Activity :: Some entries follow. Reproduce exactly the lines starting at the one with "E (take (Suc" and stopping after the one with "(rev p ! i)".
┄┄┄┄┄┄┄┄┄┄
(* Let $x,y,z$ be nodes of a finite, connected, unweighted, undirected graph, and suppose some node $c$ is a Condorcet winner for $\{x,y,z\}$. Then $c$ lies on a shortest path between $x$ and $y$, on a shortest path between $x$ and $z$, and on a shortest path between $y$ and $z$.
   Context: $d$ is the shortest-path distance. A node $c$ is a Condorcet winner for a set $S$ if for every other node $y'$, $\lvert\{u\in S: d(u,c)<d(u,y')\}\rvert > \lvert\{u\in S: d(u,y')<d(u,c)\}\rvert$. *)

theory Defs
  imports Main
begin

definition graph :: "'a set \<Rightarrow> ('a \<Rightarrow> 'a \<Rightarrow> bool) \<Rightarrow> bool" where
  "graph V E \<longleftrightarrow> finite V \<and> (\<forall>u v. E u v \<longrightarrow> u \<in> V \<and> v \<in> V)
     \<and> (\<forall>u v. E u v \<longrightarrow> E v u) \<and> (\<forall>u. \<not> E u u)"

text \<open>A walk from u to v given as the list of its vertices; its length is length p - 1.\<close>
definition is_path :: "'a set \<Rightarrow> ('a \<Rightarrow> 'a \<Rightarrow> bool) \<Rightarrow> 'a list \<Rightarrow> 'a \<Rightarrow> 'a \<Rightarrow> bool" where
  "is_path V E p u v \<longleftrightarrow> p \<noteq> [] \<and> hd p = u \<and> last p = v \<and> set p \<subseteq> V
     \<and> (\<forall>i. Suc i < length p \<longrightarrow> E (p ! i) (p ! Suc i))"

definition connected_graph :: "'a set \<Rightarrow> ('a \<Rightarrow> 'a \<Rightarrow> bool) \<Rightarrow> bool" where
  "connected_graph V E \<longleftrightarrow> (\<forall>u\<in>V. \<forall>v\<in>V. \<exists>p. is_path V E p u v)"

definition gdist :: "'a set \<Rightarrow> ('a \<Rightarrow> 'a \<Rightarrow> bool) \<Rightarrow> 'a \<Rightarrow> 'a \<Rightarrow> nat" where
  "gdist V E u v = (LEAST n. \<exists>p. is_path V E p u v \<and> length p = Suc n)"

definition shortest_path :: "'a set \<Rightarrow> ('a \<Rightarrow> 'a \<Rightarrow> bool) \<Rightarrow> 'a list \<Rightarrow> 'a \<Rightarrow> 'a \<Rightarrow> bool" where
  "shortest_path V E p u v \<longleftrightarrow> is_path V E p u v \<and> length p = Suc (gdist V E u v)"

definition condorcet_winner :: "'a set \<Rightarrow> ('a \<Rightarrow> 'a \<Rightarrow> bool) \<Rightarrow> 'a set \<Rightarrow> 'a \<Rightarrow> bool" where
  "condorcet_winner V E S c \<longleftrightarrow> c \<in> V \<and>
     (\<forall>y'\<in>V. y' \<noteq> c \<longrightarrow>
        card {u\<in>S. gdist V E u c < gdist V E u y'} > card {u\<in>S. gdist V E u y' < gdist V E u c})"

end

theory Submission
  imports Defs
begin

text \<open>Suppose \<open>c\<close> were not on a geodesic from \<open>x\<close> to \<open>y\<close>, i.e.
  \<open>d(x,c) + d(c,y) > d(x,y)\<close>. If \<open>d(x,c) \<le> d(x,y)\<close>, the vertex \<open>y'\<close> at distance \<open>d(x,c)\<close>
  from \<open>x\<close> on a shortest \<open>x\<close>--\<open>y\<close> path ties with \<open>c\<close> for \<open>x\<close> and is strictly preferred by \<open>y\<close>;
  symmetrically with \<open>x\<close> and \<open>y\<close> exchanged. Otherwise both \<open>x\<close> and \<open>y\<close> are closer to \<open>x\<close>
  than to \<open>c\<close>. In every case at most \<open>z\<close> strictly prefers \<open>c\<close> while some voter strictly
  prefers the rival, so \<open>c\<close> does not win the pairwise comparison.\<close>

lemma is_path_endpoints: "is_path V E p u v \<Longrightarrow> u \<in> V \<and> v \<in> V"
  unfolding is_path_def by (metis hd_in_set last_in_set subsetD)

lemma gdist_le_length: "is_path V E p u v \<Longrightarrow> gdist V E u v \<le> length p - 1"
  unfolding gdist_def is_path_def by (intro Least_le) (metis Suc_pred' length_greater_0_conv)

lemma gdist_self: "u \<in> V \<Longrightarrow> gdist V E u u = 0"
  using gdist_le_length[of V E "[u]"] by (simp add: is_path_def)

lemma shortest_path_exists_if_path:
  assumes "is_path V E p u v"
  shows "\<exists>q. shortest_path V E q u v"
proof -
  have "\<exists>n q. is_path V E q u v \<and> length q = Suc n"
    using assms by (metis Suc_pred' is_path_def length_greater_0_conv)
  then show ?thesis
    unfolding shortest_path_def gdist_def by (rule LeastI_ex)
qed

lemma is_path_Cons_Cons:
  "is_path V E (u # w # p) u' v \<longleftrightarrow> u' = u \<and> u \<in> V \<and> E u w \<and> is_path V E (w # p) w v"
  unfolding is_path_def by (auto simp: nth_Cons split: nat.splits)

lemma is_path_append:
  "is_path V E p u v \<Longrightarrow> is_path V E q v w \<Longrightarrow> is_path V E (p @ tl q) u w"
proof (induction p arbitrary: u)
  case Nil
  then show ?case by (simp add: is_path_def)
next
  case (Cons a p)
  show ?case
  proof (cases p)
    case Nil
    with Cons.prems show ?thesis by (cases q) (auto simp: is_path_def)
  next
    case (Cons b p')
    with Cons.prems Cons.IH[of b] show ?thesis by (auto simp: is_path_Cons_Cons)
  qed
qed

lemma is_path_take:
  "is_path V E p u v \<Longrightarrow> k < length p \<Longrightarrow> is_path V E (take (Suc k) p) u (p ! k)"
  unfolding is_path_def by (auto simp: last_conv_nth hd_take dest: in_set_takeD)

lemma is_path_drop:
  "is_path V E p u v \<Longrightarrow> k < length p \<Longrightarrow> is_path V E (drop k p) (p ! k) v"
  unfolding is_path_def by (auto simp: hd_drop_conv_nth dest: in_set_dropD)

lemma is_path_rev:
  assumes "symp E" and p: "is_path V E p u v"
  shows "is_path V E (rev p) v u"
  unfolding is_path_def
proof (intro conjI allI impI)
  fix i assume i: "Suc i < length (rev p)"
  have "Suc (length p - Suc (Suc i)) = length p - Suc i" using i by auto
  moreover have "E (p ! (length p - Suc (Suc i))) (p ! Suc (length p - Suc (Suc i)))"
    using p i unfolding is_path_def by auto
  ultimately show "E (rev p ! i) (rev p ! Suc i)"
    using i \<open>symp E\<close> by (auto simp: rev_nth dest: sympD)
qed (use p in \<open>auto simp: is_path_def hd_rev last_rev\<close>)

lemma gdist_commute:
  assumes "symp E"
  shows "gdist V E u v = gdist V E v u"
proof -
  have "(\<exists>p. is_path V E p u v \<and> length p = Suc n) \<longleftrightarrow> (\<exists>p. is_path V E p v u \<and> length p = Suc n)"
    for n using is_path_rev[OF assms] by (metis length_rev rev_rev_ident)
  then show ?thesis unfolding gdist_def by simp
qed

lemma graph_symp: "graph V E \<Longrightarrow> symp E"
  unfolding graph_def symp_def by blast

context
  fixes V :: "'a set" and E :: "'a \<Rightarrow> 'a \<Rightarrow> bool"
  assumes graph: "graph V E" and connected: "connected_graph V E"
begin

lemma shortest_path_exists: "u \<in> V \<Longrightarrow> v \<in> V \<Longrightarrow> \<exists>p. shortest_path V E p u v"
  using connected shortest_path_exists_if_path[of V E] unfolding connected_graph_def by meson

lemma gdist_triangle:
  assumes "u \<in> V" "v \<in> V" "w \<in> V"
  shows "gdist V E u w \<le> gdist V E u v + gdist V E v w"
proof -
  obtain p q where "shortest_path V E p u v" "shortest_path V E q v w"
    using shortest_path_exists assms by meson
  then show ?thesis
    using gdist_le_length[OF is_path_append] unfolding shortest_path_def by fastforce
qed

lemma shortest_path_nth_gdist:
  assumes p: "shortest_path V E p x y" and k: "k \<le> gdist V E x y"
  shows "p ! k \<in> V \<and> gdist V E x (p ! k) = k \<and> gdist V E (p ! k) y = gdist V E x y - k"
proof -
  have path: "is_path V E p x y" and len: "length p = Suc (gdist V E x y)"
    using p unfolding shortest_path_def by auto
  have kl: "k < length p" using len k by simp
  have in_V: "x \<in> V" "y \<in> V" "p ! k \<in> V"
    using is_path_endpoints[OF path] is_path_endpoints[OF is_path_drop[OF path kl]] by auto
  have "gdist V E x (p ! k) \<le> k"
    using gdist_le_length[OF is_path_take[OF path kl]] kl by simp
  moreover have "gdist V E (p ! k) y \<le> gdist V E x y - k"
    using gdist_le_length[OF is_path_drop[OF path kl]] len by simp
  moreover have "gdist V E x y \<le> gdist V E x (p ! k) + gdist V E (p ! k) y"
    using gdist_triangle[OF in_V(1,3,2)] .
  ultimately show ?thesis using in_V k by linarith
qed

lemma shortest_path_through:
  assumes "x \<in> V" "y \<in> V" "c \<in> V" and geodesic: "gdist V E x c + gdist V E c y = gdist V E x y"
  shows "\<exists>p. shortest_path V E p x y \<and> c \<in> set p"
proof -
  obtain p q where p: "shortest_path V E p x c" and q: "shortest_path V E q c y"
    using shortest_path_exists assms by meson
  have "c \<in> set p" using p unfolding shortest_path_def is_path_def by (metis last_in_set)
  then show ?thesis
    using is_path_append p q geodesic unfolding shortest_path_def
    by (intro exI[of _ "p @ tl q"]) auto
qed

end

lemma not_condorcet_winner_if_rival_preferred:
  assumes rival: "y' \<in> V" "y' \<noteq> c"
    and x_weakly: "gdist V E x y' \<le> gdist V E x c" and y_strictly: "gdist V E y y' < gdist V E y c"
  shows "\<not> condorcet_winner V E {x, y, z} c"
proof
  assume "condorcet_winner V E {x, y, z} c"
  then have beats: "card {u \<in> {x, y, z}. gdist V E u y' < gdist V E u c}
      < card {u \<in> {x, y, z}. gdist V E u c < gdist V E u y'}"
    using rival unfolding condorcet_winner_def by blast
  have "{u \<in> {x, y, z}. gdist V E u c < gdist V E u y'} \<subseteq> {z}"
    using x_weakly y_strictly by auto
  from card_mono[OF _ this]
  have "card {u \<in> {x, y, z}. gdist V E u c < gdist V E u y'} \<le> 1" by simp
  moreover have "y \<in> {u \<in> {x, y, z}. gdist V E u y' < gdist V E u c}"
    using y_strictly by simp
  then have "card {u \<in> {x, y, z}. gdist V E u y' < gdist V E u c} > 0"
    by (intro card_gt_0_iff[THEN iffD2]) auto
  ultimately show False using beats by linarith
qed

lemma condorcet_winner_on_geodesic_if_near:
  assumes graph: "graph V E" and connected: "connected_graph V E"
    and V: "x \<in> V" "y \<in> V" and winner: "condorcet_winner V E {x, y, z} c"
    and near: "gdist V E x c \<le> gdist V E x y"
  shows "gdist V E x c + gdist V E c y = gdist V E x y"
proof (rule ccontr)
  let ?d = "gdist V E"
  assume off: "?d x c + ?d c y \<noteq> ?d x y"
  have c: "c \<in> V" using winner unfolding condorcet_winner_def by blast
  have d_commute: "?d u v = ?d v u" for u v using gdist_commute[OF graph_symp[OF graph]] .
  obtain p where p: "shortest_path V E p x y"
    using shortest_path_exists[OF graph connected V] by blast
  define y' where "y' = p ! ?d x c"
  have y': "y' \<in> V" "?d x y' = ?d x c" "?d y y' = ?d x y - ?d x c"
    using shortest_path_nth_gdist[OF graph connected p near] d_commute unfolding y'_def by auto
  have "?d x y \<le> ?d x c + ?d c y" using gdist_triangle[OF graph connected V(1) c V(2)] .
  then have closer: "?d y y' < ?d y c" using y'(3) off near d_commute[of y c] by linarith
  then have "y' \<noteq> c" by blast
  from not_condorcet_winner_if_rival_preferred[OF y'(1) this _ closer] y'(2) winner
  show False by simp
qed

lemma condorcet_winner_on_geodesic:
  assumes graph: "graph V E" and connected: "connected_graph V E"
    and V: "x \<in> V" "y \<in> V" and winner: "condorcet_winner V E {x, y, z} c"
  shows "gdist V E x c + gdist V E c y = gdist V E x y"
proof -
  let ?d = "gdist V E"
  have d_commute: "?d u v = ?d v u" for u v using gdist_commute[OF graph_symp[OF graph]] .
  consider "?d x c \<le> ?d x y" | "?d y c \<le> ?d y x" | "?d x y < ?d x c" "?d x y < ?d y c"
    using d_commute[of x y] by linarith
  then show ?thesis
  proof cases
    case 1
    then show ?thesis by (rule condorcet_winner_on_geodesic_if_near[OF graph connected V winner])
  next
    case 2
    have "condorcet_winner V E {y, x, z} c" using winner by (simp add: insert_commute)
    from condorcet_winner_on_geodesic_if_near[OF graph connected V(2,1) this 2]
    show ?thesis using d_commute[of c x] d_commute[of y c] d_commute[of y x] by simp
  next
    case 3
    have "x \<noteq> c" using 3 gdist_self[OF V(1)] by auto
    moreover have "?d x x \<le> ?d x c" using gdist_self[OF V(1)] by simp
    moreover have "?d y x < ?d y c" using 3 d_commute[of x y] by simp
    ultimately have "\<not> condorcet_winner V E {x, y, z} c"
      using not_condorcet_winner_if_rival_preferred[OF V(1)] by blast
    then show ?thesis using winner by contradiction
  qed
qed

theorem lemmaE1:
  fixes V :: "'a set" and E :: "'a \<Rightarrow> 'a \<Rightarrow> bool" and x y z c :: 'a
  assumes "graph V E" and "connected_graph V E"
    and "x \<in> V" and "y \<in> V" and "z \<in> V"
    and "condorcet_winner V E {x, y, z} c"
  shows "(\<exists>p. shortest_path V E p x y \<and> c \<in> set p)
       \<and> (\<exists>p. shortest_path V E p x z \<and> c \<in> set p)
       \<and> (\<exists>p. shortest_path V E p y z \<and> c \<in> set p)"
proof -
  note through = shortest_path_through[OF assms(1,2)]
  note geodesic = condorcet_winner_on_geodesic[OF assms(1,2)]
  have c: "c \<in> V" using assms(6) unfolding condorcet_winner_def by blast
  have "condorcet_winner V E {x, z, y} c" "condorcet_winner V E {y, z, x} c"
    using assms(6) by (simp_all add: insert_commute)
  with assms(3-6) show ?thesis
    using through[OF _ _ c geodesic] by simp
qed

end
┄┄┄┄┄┄┄┄┄┄
Written solution ::
  "is_path V E p u v \<Longrightarrow> k < length p \<Longrightarrow> is_path V E (take (Suc k) p) u (p ! k)"
  unfolding is_path_def by (auto simp: last_conv_nth hd_take dest: in_set_takeD)

lemma is_path_drop:
  "is_path V E p u v \<Longrightarrow> k < length p \<Longrightarrow> is_path V E (drop k p) (p ! k) v"
  unfolding is_path_def by (auto simp: hd_drop_conv_nth dest: in_set_dropD)

lemma is_path_rev:
  assumes "symp E" and p: "is_path V E p u v"
  shows "is_path V E (rev p) v u"
  unfolding is_path_def
proof (intro conjI allI impI)
  fix i assume i: "Suc i < length (rev p)"
  have "Suc (length p - Suc (Suc i)) = length p - Suc i" using i by auto
  moreover have "E (p ! (length p - Suc (Suc i))) (p ! Suc (length p - Suc (Suc i)))"
    using p i unfolding is_path_def by auto
  ultimately show "E (rev p ! i) (rev p ! Suc i)"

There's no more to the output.